The World Bank Group’s executive board has approved a comprehensive $1.9 billion financial operation for Panama. This package, confirmed on December 20, 2025, is designed to bolster the nation’s fiscal sustainability and support a series of structural economic reforms.
The operation combines a direct policy loan with two guarantees to facilitate more favorable commercial borrowing. It arrives as Panama’s government seeks to stimulate economic growth and job creation through updated fiscal policies.
A Three-Part Financial Support Structure
This financial package from the World Bank Group is structured around three core instruments. A $500 million Development Policy Loan forms the foundation, directly supporting fiscal management and growth-oriented policies.
Two separate guarantees will back a commercial loan of up to $1.4 billion. These include a $600 million Policy-Based Guarantee from the International Bank for Reconstruction and Development (IBRD). The second is a Sovereign Financial Obligations Guarantee provided by the Multilateral Investment Guarantee Agency (MIGA).
Together, these guarantees will cover up to 95 percent of the capital and interest on the commercial loan. This structure is intended to help Panama access financing on better terms, generate fiscal savings, and strengthen public debt management.
Reforms Supported by the Financial Package
Officials stated the public policy loan directly supports key government reform initiatives. A central pillar is the modernization of Panama’s Fiscal Responsibility Law to ensure long-term budget discipline.
Other targeted areas include strengthening the national pension system and improving tax administration. The operation also aims to develop the local debt market and facilitate public-private partnerships for major infrastructure projects.
Beyond fiscal measures, the program contemplates actions to expand 5G and broadband service capacity in strategic areas of the country. This dual focus on financial stability and digital connectivity underscores a broader development vision.
“This approval reflects the World Bank Group’s confidence in Panama’s commitment to fiscal discipline and transparency,” said Economy and Finance Minister Felipe Chapman. [Translated from Spanish] He added that accessing resources under better conditions sends a positive signal to international markets about the government’s determination to advance structural reforms.

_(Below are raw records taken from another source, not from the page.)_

(* Let $\mathcal{F}$ be a finite set of complex-valued (algebraic) functions on Boolean variables, and consider the counting problem $\#\neq_2\,|\,\mathcal{F}$, whose inputs are bipartite tensor networks in which every vertex on one side carries the binary disequality function $\neq_2$ (i.e. the matrix $\begin{pmatrix}0&1\\1&0\end{pmatrix}$) and every vertex on the other side carries a function from $\mathcal{F}$, and which asks for the value of the network. Assume that every arity-2 gadget realizable in this problem has the form $\lambda\,(\neq_2)$ for some constant $\lambda$ (possibly $0$), and that every arity-4 gadget realizable in this problem has the form $\lambda\,(\neq_2)\otimes(\neq_2)$ for some constant $\lambda$ (possibly $0$). Then for every positive integer $n$, the value of $\#\neq_2\,|\,\mathcal{F}$ is either zero on all input tensor networks with $n$ vertices (from $\mathcal{F}$), or nonzero on all input tensor networks with $n$ vertices.
   Context: A tensor network's value is the sum over all Boolean assignments to its edges of the product of its vertex function values. The proof uses a "one step" transformation: given a network $G$ containing two edges $\neq_2(x,y)$ and $\neq_2(z,w)$, replace them by $\neq_2(x,z)$ and $\neq_2(y,w)$ to get $G'$; cutting the two edges yields an arity-4 gadget of the form $\lambda\,(\neq_2)\otimes(\neq_2)$, so the values of $G$ and $G'$ are each $2\lambda$ or $4\lambda$, hence both zero or both nonzero (with ratio $1$, $2$ or $1/2$). Such steps connect all networks with $n$ vertices. *)

theory Defs
  imports Complex_Main "HOL-Library.FuncSet"
begin

text \<open>A signature (constraint function) is a pair (arity k, function on Boolean
  lists); the function is only meaningful on lists of length k.\<close>
type_synonym sig = "nat \<times> (bool list \<Rightarrow> complex)"

definition neq2 :: "bool \<Rightarrow> bool \<Rightarrow> complex" where
  "neq2 a b = (if a \<noteq> b then 1 else 0)"

text \<open>Ports (edge slots) of a list of F-side vertices: port (i,j) is the j-th
  input of vertex i.\<close>
definition ports :: "sig list \<Rightarrow> (nat \<times> nat) set" where
  "ports vs = {(i, j). i < length vs \<and> j < fst (vs ! i)}"

text \<open>A wiring of a bipartite network/gadget for #(neq2 | F): the ports listed
  in ds are dangling edges (in this order); all other ports are paired up by
  the fixed-point-free involution m, each pair joined through one neq2 vertex.\<close>
definition valid_wiring :: "sig list \<Rightarrow> (nat \<times> nat \<Rightarrow> nat \<times> nat) \<Rightarrow> (nat \<times> nat) list \<Rightarrow> bool" where
  "valid_wiring vs m ds \<longleftrightarrow> distinct ds \<and> set ds \<subseteq> ports vs \<and>
     (\<forall>p \<in> ports vs - set ds. m p \<in> ports vs - set ds \<and> m p \<noteq> p \<and> m (m p) = p)"

definition gadget_sig :: "sig list \<Rightarrow> (nat \<times> nat \<Rightarrow> nat \<times> nat) \<Rightarrow> (nat \<times> nat) list \<Rightarrow> bool list \<Rightarrow> complex" where
  "gadget_sig vs m ds xs =
     (\<Sum>\<sigma> \<in> PiE (ports vs) (\<lambda>_. UNIV :: bool set).
        (if (\<forall>k < length ds. \<sigma> (ds ! k) = xs ! k)
         then (\<Prod>p \<in> ports vs - set ds. neq2 (\<sigma> p) (\<sigma> (m p))) *
              (\<Prod>i < length vs. snd (vs ! i) (map (\<lambda>j. \<sigma> (i, j)) [0..<fst (vs ! i)]))
         else 0))"

definition network_value :: "sig list \<Rightarrow> (nat \<times> nat \<Rightarrow> nat \<times> nat) \<Rightarrow> complex" where
  "network_value vs m = gadget_sig vs m [] []"

definition realizable :: "sig set \<Rightarrow> nat \<Rightarrow> (bool list \<Rightarrow> complex) set" where
  "realizable F k = {gadget_sig vs m ds | vs m ds.
      set vs \<subseteq> F \<and> valid_wiring vs m ds \<and> length ds = k}"

end

theory Submission
  imports Defs
begin

text \<open>Valid wirings of a fixed list of vertices are the perfect matchings of its ports, and any
  two perfect matchings are connected by moves replacing two matched pairs {x, y}, {z, w} by
  {x, z}, {y, w}. Cutting the two disequality vertices involved in a move leaves an arity-4 gadget
  \<open>\<lambda> (\<noteq>\<^sub>2) \<otimes> (\<noteq>\<^sub>2)\<close>; closing it up either way yields 2\<lambda> or 4\<lambda>, so a move never changes whether the
  value vanishes.\<close>

definition perfect_matching :: "'a set \<Rightarrow> ('a \<Rightarrow> 'a) \<Rightarrow> bool" where
  "perfect_matching P m \<longleftrightarrow> (\<forall>p \<in> P. m p \<in> P \<and> m p \<noteq> p \<and> m (m p) = p)"

definition swap_pairs :: "('a \<Rightarrow> 'a) \<Rightarrow> 'a \<Rightarrow> 'a \<Rightarrow> 'a \<Rightarrow> 'a" where
  "swap_pairs m x z = m(x := z, z := x, m x := m z, m z := m x)"

lemma perfect_matching_distinct:
  assumes "perfect_matching P m" "x \<in> P" "z \<in> P" "x \<noteq> z" "m x \<noteq> z"
  shows "distinct [x, m x, z, m z]"
  using assms unfolding perfect_matching_def by (metis distinct_length_2_or_more distinct_singleton)

lemma perfect_matching_outside:
  assumes "perfect_matching P m" "q \<in> P" "q \<notin> {x, m x, z, m z}" "x \<in> P" "z \<in> P"
  shows "m q \<notin> {x, m x, z, m z}"
  using assms unfolding perfect_matching_def by (metis insertCI insertE singletonD empty_iff)

lemma swap_pairs_simps:
  assumes "distinct [x, y, z, w]" "m x = y" "m z = w"
  shows "swap_pairs m x z x = z" "swap_pairs m x z z = x"
    "swap_pairs m x z y = w" "swap_pairs m x z w = y"
    "q \<notin> {x, y, z, w} \<Longrightarrow> swap_pairs m x z q = m q"
  using assms by (auto simp: swap_pairs_def)

lemma perfect_matching_swap_pairs:
  assumes pm: "perfect_matching P m" and "x \<in> P" "z \<in> P" "x \<noteq> z" "m x \<noteq> z"
  shows "perfect_matching P (swap_pairs m x z)"
proof -
  have d: "distinct [x, m x, z, m z]" using perfect_matching_distinct assms .
  note s = swap_pairs_simps[OF d refl refl]
  show ?thesis
    unfolding perfect_matching_def
  proof
    fix q assume q: "q \<in> P"
    show "swap_pairs m x z q \<in> P \<and> swap_pairs m x z q \<noteq> q \<and> swap_pairs m x z (swap_pairs m x z q) = q"
    proof (cases "q \<in> {x, m x, z, m z}")
      case True
      then show ?thesis using d s(1-4) assms pm unfolding perfect_matching_def by auto
    next
      case False
      then show ?thesis using s(5) perfect_matching_outside[OF pm q False] assms pm q
        unfolding perfect_matching_def by auto
    qed
  qed
qed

Juan Pablo Uribe, the World Bank director for Central America and the Dominican Republic, called the operation a milestone. He said it lays the groundwork for more efficient and sustainable public management aimed at improving services and quality of life for citizens.

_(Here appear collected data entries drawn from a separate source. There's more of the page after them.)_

lemma (in bounded_bilinear) has_expansion2_prod:
  assumes F: "has_expansion2 f a0 a1 a2" and G: "has_expansion2 g b0 b1 b2"
  shows "has_expansion2 (\<lambda>t. prod (f t) (g t))
           (prod a0 b0) (prod a0 b1 + prod a1 b0) (prod a0 b2 + prod a1 b1 + prod a2 b0)"
proof -
  interpret scaleR: bounded_bilinear "scaleR :: real \<Rightarrow> 'c \<Rightarrow> 'c" by (rule bounded_bilinear_scaleR)
  obtain R S where R: "Bfun R (nhds 0)" "\<forall>\<^sub>F t in nhds 0. f t = a0 + t *\<^sub>R a1 + t\<^sup>2 *\<^sub>R a2 + t ^ 3 *\<^sub>R R t"
    and S: "Bfun S (nhds 0)" "\<forall>\<^sub>F t in nhds 0. g t = b0 + t *\<^sub>R b1 + t\<^sup>2 *\<^sub>R b2 + t ^ 3 *\<^sub>R S t"
    using F G unfolding has_expansion2_def by blast
  define pf where "pf t = a0 + t *\<^sub>R a1 + t\<^sup>2 *\<^sub>R a2" for t
  define Q where "Q t = prod a1 b2 + prod a2 b1 + t *\<^sub>R prod a2 b2 + prod (pf t) (S t) + prod (R t) (g t)" for t
  have "Bfun pf (nhds 0)"
    unfolding pf_def by (rule has_expansion2_Bfun[OF has_expansion2_polynomial])
  then have "Bfun Q (nhds 0)"
    unfolding Q_def
    by (intro Bfun_add Bfun_const scaleR.Bfun_prod Bfun_ident_nhds Bfun_prod R S has_expansion2_Bfun[OF G])
  moreover have "\<forall>\<^sub>F t in nhds 0. prod (f t) (g t) = prod a0 b0 + t *\<^sub>R (prod a0 b1 + prod a1 b0)
      + t\<^sup>2 *\<^sub>R (prod a0 b2 + prod a1 b1 + prod a2 b0) + t ^ 3 *\<^sub>R Q t"
    using R(2) S(2)
  proof eventually_elim
    case (elim t)
    have "prod (f t) (g t) = prod (pf t) (g t) + t ^ 3 *\<^sub>R prod (R t) (g t)"
      using elim(1) by (simp add: pf_def add_left scaleR_left)
    also have "prod (pf t) (g t) = prod (pf t) (b0 + t *\<^sub>R b1 + t\<^sup>2 *\<^sub>R b2) + t ^ 3 *\<^sub>R prod (pf t) (S t)"
      using elim(2) by (simp add: add_right scaleR_right)
    finally show ?case
      unfolding Q_def pf_def
      by (simp add: add_left add_right scaleR_left scaleR_right algebra_simps power2_eq_square power3_eq_cube)
  qed
  ultimately show ?thesis
    unfolding has_expansion2_def by blast
qed

lemma has_expansion2_scaleR:
  "has_expansion2 f a0 a1 a2 \<Longrightarrow> has_expansion2 (\<lambda>t. c *\<^sub>R f t) (c *\<^sub>R a0) (c *\<^sub>R a1) (c *\<^sub>R a2)"
  using bounded_bilinear.has_expansion2_prod[OF bounded_bilinear_scaleR has_expansion2_const] by simp

lemma has_expansion2_diff:
  assumes "has_expansion2 f a0 a1 a2" "has_expansion2 g b0 b1 b2"
  shows "has_expansion2 (\<lambda>t. f t - g t) (a0 - b0) (a1 - b1) (a2 - b2)"
  using has_expansion2_add[OF assms(1) has_expansion2_scaleR[OF assms(2), of "-1"]] by simp

lemma has_expansion2_avg:
  assumes "has_expansion2 f a0 a1 a2"
  shows "has_expansion2 (\<lambda>t. avg (f 0) (f t)) a0 ((1/2) *\<^sub>R a1) ((1/2) *\<^sub>R a2)"
proof -
  have "(1/2) *\<^sub>R (a0 + a0) = a0"
    by (simp flip: scaleR_2)
  then show ?thesis
    using has_expansion2_scaleR[OF has_expansion2_add[OF has_expansion2_const[of a0] assms], of "1/2"]
    unfolding avg_def has_expansion2_at_0[OF assms] by simp
qed

lemma has_expansion2I:
  assumes "\<forall>\<^sub>F t in nhds 0. norm (f t - (c0 + t *\<^sub>R c1 + t\<^sup>2 *\<^sub>R c2)) \<le> C * \<bar>t\<bar> ^ 3"
  shows "has_expansion2 f c0 c1 c2"
proof -
  define R where "R t = (1 / t ^ 3) *\<^sub>R (f t - (c0 + t *\<^sub>R c1 + t\<^sup>2 *\<^sub>R c2))" for t
  have "f 0 = c0" using eventually_nhds_x_imp_x[OF assms] by simp
  then have "\<forall>\<^sub>F t in nhds 0. f t = c0 + t *\<^sub>R c1 + t\<^sup>2 *\<^sub>R c2 + t ^ 3 *\<^sub>R R t"
    by (intro always_eventually) (simp add: R_def)
  moreover have "\<forall>\<^sub>F t in nhds 0. norm (R t) \<le> norm C"
    using assms
  proof eventually_elim
    case (elim t)
    have "C * \<bar>t\<bar> ^ 3 \<le> norm C * \<bar>t\<bar> ^ 3" by (intro mult_right_mono) auto
    with elim have "norm (f t - (c0 + t *\<^sub>R c1 + t\<^sup>2 *\<^sub>R c2)) \<le> norm C * \<bar>t\<bar> ^ 3" by linarith
    then show ?case
      by (cases "t = 0") (simp_all add: R_def divide_le_eq power_abs)
  qed
  then have "Bfun R (nhds 0)" by (rule BfunI)
  ultimately show ?thesis unfolding has_expansion2_def by blast
qed

lemma has_expansion2_has_vector_derivative:
  assumes "has_expansion2 f c0 c1 c2"
  shows "(f has_vector_derivative c1) (at 0)"
proof -
  interpret scaleR: bounded_bilinear "scaleR :: real \<Rightarrow> 'a \<Rightarrow> 'a" by (rule bounded_bilinear_scaleR)
  obtain R where R: "Bfun R (nhds 0)" "\<forall>\<^sub>F t in nhds 0. f t = c0 + t *\<^sub>R c1 + t\<^sup>2 *\<^sub>R c2 + t ^ 3 *\<^sub>R R t"
    using assms unfolding has_expansion2_def by blast
  have "f 0 = c0" by (rule has_expansion2_at_0[OF assms])
  have "Bfun (\<lambda>t. c2 + t *\<^sub>R R t) (at 0)"
    using Bfun_add[OF Bfun_const scaleR.Bfun_prod[OF Bfun_ident_nhds R(1)]]
    unfolding Bfun_def eventually_nhds_conv_at by blast
  moreover have "Zfun (\<lambda>t::real. \<bar>t\<bar>) (at 0)"
    using tendsto_rabs_zero[OF tendsto_ident_at[of 0 UNIV]] by (simp add: tendsto_Zfun_iff)
  ultimately have lim: "((\<lambda>t. \<bar>t\<bar> *\<^sub>R (c2 + t *\<^sub>R R t)) \<longlongrightarrow> 0) (at 0)"
    by (simp add: tendsto_Zfun_iff scaleR.Zfun_prod_Bfun)
  have "\<forall>\<^sub>F t in at 0. f t = c0 + t *\<^sub>R c1 + t\<^sup>2 *\<^sub>R c2 + t ^ 3 *\<^sub>R R t"
    using R(2) unfolding eventually_nhds_conv_at by blast
  moreover have "\<forall>\<^sub>F t in at (0::real). t \<noteq> 0"
    by (simp add: eventually_at_filter)
  ultimately have "\<forall>\<^sub>F t in at 0. \<bar>t\<bar> *\<^sub>R (c2 + t *\<^sub>R R t) = (f t - f 0 - t *\<^sub>R c1) /\<^sub>R norm t"
  proof eventually_elim
    case (elim t)
    then have "f t - f 0 - t *\<^sub>R c1 = (t * t) *\<^sub>R (c2 + t *\<^sub>R R t)"
      by (simp add: \<open>f 0 = c0\<close> algebra_simps power2_eq_square power3_eq_cube)
    then have "f t - f 0 - t *\<^sub>R c1 = (\<bar>t\<bar> * \<bar>t\<bar>) *\<^sub>R (c2 + t *\<^sub>R R t)"
      by (simp only: abs_mult_self_eq)
    moreover have "inverse \<bar>t\<bar> * (\<bar>t\<bar> * \<bar>t\<bar>) = \<bar>t\<bar>"
      using elim(2) by (simp add: field_simps)
    ultimately show ?case by simp
  qed
  with lim show ?thesis
    unfolding has_vector_derivative_def has_derivative_at_within
    by (auto intro: Lim_transform_eventually bounded_linear_scaleR_left)
qed

lemma has_expansion2_imp_bound:
  assumes "has_expansion2 f c0 c1 c2"
  shows "\<exists>C. \<forall>\<^sub>F t in nhds 0. norm (f t - (c0 + t *\<^sub>R c1 + t\<^sup>2 *\<^sub>R c2)) \<le> C * \<bar>t\<bar> ^ 3"
proof -
  obtain R C where "\<forall>\<^sub>F t in nhds 0. norm (R t) \<le> C"
    "\<forall>\<^sub>F t in nhds 0. f t = c0 + t *\<^sub>R c1 + t\<^sup>2 *\<^sub>R c2 + t ^ 3 *\<^sub>R R t"
    using assms unfolding has_expansion2_def Bfun_def by blast
  then have "\<forall>\<^sub>F t in nhds 0. norm (f t - (c0 + t *\<^sub>R c1 + t\<^sup>2 *\<^sub>R c2)) \<le> C * \<bar>t\<bar> ^ 3"
  proof eventually_elim
    case (elim t)
    then have "norm (f t - (c0 + t *\<^sub>R c1 + t\<^sup>2 *\<^sub>R c2)) = \<bar>t\<bar> ^ 3 * norm (R t)"
      by (simp add: power_abs)
    also have "\<dots> \<le> \<bar>t\<bar> ^ 3 * C"
      using elim(1) by (simp add: mult_left_mono)
    finally show ?case by (simp add: mult.commute)
  qed
  then show ?thesis by blast
qed

lemma has_expansion2_central_difference:
  assumes "has_expansion2 f c0 c1 c2"
  shows "\<exists>C. \<forall>\<^sub>F t in at_right 0. norm ((1 / t) *\<^sub>R (f t - f (- t)) - 2 *\<^sub>R c1) \<le> C * t\<^sup>2"
proof -
  define p where "p t = c0 + t *\<^sub>R c1 + t\<^sup>2 *\<^sub>R c2" for t
  obtain C where near: "\<forall>\<^sub>F t in nhds 0. norm (f t - p t) \<le> C * \<bar>t\<bar> ^ 3"
    using has_expansion2_imp_bound[OF assms] unfolding p_def by blast
  moreover have "filterlim uminus (nhds 0) (nhds (0::real))"
    using tendsto_minus[OF filterlim_ident, of "0::real"] by simp
  ultimately have "\<forall>\<^sub>F t in nhds 0. norm (f (- t) - p (- t)) \<le> C * \<bar>t\<bar> ^ 3"
    using eventually_compose_filterlim[of _ "nhds 0" uminus] by fastforce
  with near have "\<forall>\<^sub>F t in at_right 0. norm (f t - p t) \<le> C * \<bar>t\<bar> ^ 3 \<and> norm (f (- t) - p (- t)) \<le> C * \<bar>t\<bar> ^ 3"
    unfolding eventually_nhds_conv_at eventually_at_split by (simp add: eventually_conj_iff)
  moreover have "\<forall>\<^sub>F t in at_right (0::real). 0 < t"
    by (rule eventually_at_right_less)
  ultimately have "\<forall>\<^sub>F t in at_right 0. norm ((1 / t) *\<^sub>R (f t - f (- t)) - 2 *\<^sub>R c1) \<le> (2 * C) * t\<^sup>2"
  proof eventually_elim
    case (elim t)
    have "(1 / t) *\<^sub>R (f t - f (- t)) - 2 *\<^sub>R c1 = (1 / t) *\<^sub>R ((f t - p t) - (f (- t) - p (- t)))"
      using elim(2) by (simp add: p_def algebra_simps scaleR_2)
    also have "norm \<dots> \<le> (1 / t) * (C * t ^ 3 + C * t ^ 3)"
      using elim norm_triangle_ineq4[of "f t - p t" "f (- t) - p (- t)"]
      by (simp add: divide_right_mono)
    also have "\<dots> = (2 * C) * t\<^sup>2"
      using elim(2) by (simp add: power2_eq_square power3_eq_cube)
    finally show ?case .
  qed
  then show ?thesis by blast
qed

lemma has_expansion2_tendsto:
  assumes "has_expansion2 f c0 c1 c2"
  shows "(f \<longlongrightarrow> c0) (nhds 0)"
proof -
  have "isCont f 0"
    by (rule has_vector_derivative_continuous[OF has_expansion2_has_vector_derivative[OF assms]])
  then have "(f \<longlongrightarrow> f 0) (nhds 0)"
    unfolding isCont_def tendsto_at_iff_tendsto_nhds .
  then show ?thesis
    using has_expansion2_at_0[OF assms] by simp
qed

lemma has_expansion2_zero_dominated:
  assumes "has_expansion2 z 0 0 0" and "\<forall>\<^sub>F t in nhds 0. norm (w t) \<le> L * norm (z t)"
  shows "has_expansion2 w 0 0 0"
proof -
  obtain C where "\<forall>\<^sub>F t in nhds 0. norm (z t) \<le> C * \<bar>t\<bar> ^ 3"
    using has_expansion2_imp_bound[OF assms(1)] by auto
  with assms(2) have "\<forall>\<^sub>F t in nhds 0. norm (w t - (0 + t *\<^sub>R 0 + t\<^sup>2 *\<^sub>R 0)) \<le> (\<bar>L\<bar> * C) * \<bar>t\<bar> ^ 3"
  proof eventually_elim
    case (elim t)
    have "norm (w t) \<le> \<bar>L\<bar> * norm (z t)"
      using elim(1) by (meson abs_ge_self mult_right_mono norm_ge_zero order_trans)
    also have "\<dots> \<le> \<bar>L\<bar> * (C * \<bar>t\<bar> ^ 3)"
      using elim(2) by (simp add: mult_left_mono)
    finally show ?case by (simp add: mult.assoc)
  qed
  then show ?thesis by (rule has_expansion2I)
qed

lemma has_expansion2_cong:
  "has_expansion2 f c0 c1 c2 \<Longrightarrow> (\<And>t. f t = g t) \<Longrightarrow> c1 = d1 \<Longrightarrow> has_expansion2 g c0 d1 c2"
  by (metis ext)

section \<open>Stochastic Galerkin products\<close>

lemma Pm_mult_component:
  "(Pm M a *v b) $ l = (\<Sum>k\<in>UNIV. a $ k * (\<Sum>m\<in>UNIV. M k $ l $ m * b $ m))"
proof -
  have "(Pm M a *v b) $ l = (\<Sum>m\<in>UNIV. (\<Sum>k\<in>UNIV. a $ k * M k $ l $ m) * b $ m)"
    by (simp add: Pm_def matrix_vector_mult_def)
  also have "\<dots> = (\<Sum>k\<in>UNIV. \<Sum>m\<in>UNIV. a $ k * (M k $ l $ m * b $ m))"
    by (subst sum.swap) (simp add: sum_distrib_right mult.assoc)
  also have "\<dots> = (\<Sum>k\<in>UNIV. a $ k * (\<Sum>m\<in>UNIV. M k $ l $ m * b $ m))"
    by (simp add: sum_distrib_left)
  finally show ?thesis .
qed

lemma bounded_bilinear_Pm: "bounded_bilinear (\<lambda>a b. Pm M a *v (b :: real^'k::finite))"
proof -
  have "linear (\<lambda>a. Pm M a *v b)" for b :: "real^'k"
    by (rule linearI)
       (simp_all add: vec_eq_iff Pm_mult_component algebra_simps sum.distrib sum_distrib_left)
  then have "bilinear (\<lambda>a b. Pm M a *v (b :: real^'k))"
    by (simp add: bilinear_def)
  then show ?thesis by (simp add: bilinear_conv_bounded_bilinear)
qed

lemma Pm_Mtens_commute: "Pm (Mtens \<rho> \<phi>) a *v b = Pm (Mtens \<rho> \<phi>) b *v a"
proof -
  have sym: "Mtens \<rho> \<phi> k $ l $ m = Mtens \<rho> \<phi> m $ l $ k" for k l m
    unfolding Mtens_def by (simp add: mult_ac)
  have "(\<Sum>k\<in>UNIV. a $ k * (\<Sum>m\<in>UNIV. Mtens \<rho> \<phi> k $ l $ m * b $ m))
      = (\<Sum>m\<in>UNIV. b $ m * (\<Sum>k\<in>UNIV. Mtens \<rho> \<phi> m $ l $ k * a $ k))" for l
  proof -
    have "(\<Sum>k\<in>UNIV. a $ k * (\<Sum>m\<in>UNIV. Mtens \<rho> \<phi> k $ l $ m * b $ m))
        = (\<Sum>k\<in>UNIV. \<Sum>m\<in>UNIV. b $ m * (Mtens \<rho> \<phi> m $ l $ k * a $ k))"
      by (simp add: sum_distrib_left sym mult_ac)
    also have "\<dots> = (\<Sum>m\<in>UNIV. b $ m * (\<Sum>k\<in>UNIV. Mtens \<rho> \<phi> m $ l $ k * a $ k))"
      by (subst sum.swap) (simp add: sum_distrib_left)
    finally show ?thesis .
  qed
  then show ?thesis by (simp add: vec_eq_iff Pm_mult_component)
qed

lemma matrix_inv_mult_right: "invertible A \<Longrightarrow> A *v (matrix_inv A *v y) = y"
  unfolding invertible_def matrix_inv_def
  by (rule someI2_ex) (auto simp: matrix_vector_mul_assoc)

lemma matrix_inv_mult_left: "invertible A \<Longrightarrow> matrix_inv A *v (A *v y) = y"
  unfolding invertible_def matrix_inv_def
  by (rule someI2_ex) (auto simp: matrix_vector_mul_assoc)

An Innovative Model for Middle-Income Nations
The combined use of loan and guarantee instruments represents a strategic innovation for the World Bank. Officials suggest this model could be replicated in other middle-income countries seeking to optimize their financing costs while pursuing reform agendas.
“The combined use of guarantees will reduce the country’s financing costs and support the long-term fiscal reform agenda,” said Ariane Di Iorio from MIGA. [Translated from Spanish] She described the scheme as innovative, with potential for application elsewhere.
The $500 million policy loan carries a 25-year term with a two-year grace period. This entire financial structure falls under the World Bank Group’s Guarantee Platform, a framework designed to expand sovereign financing options and attract private capital in support of public policy goals.
Panama’s government now faces the task of implementing the supported reforms. Market analysts will watch for the execution of the updated fiscal responsibility framework and the deployment of the guaranteed commercial loan. The success of this comprehensive package hinges on sustained political commitment to the outlined policy changes in the coming years.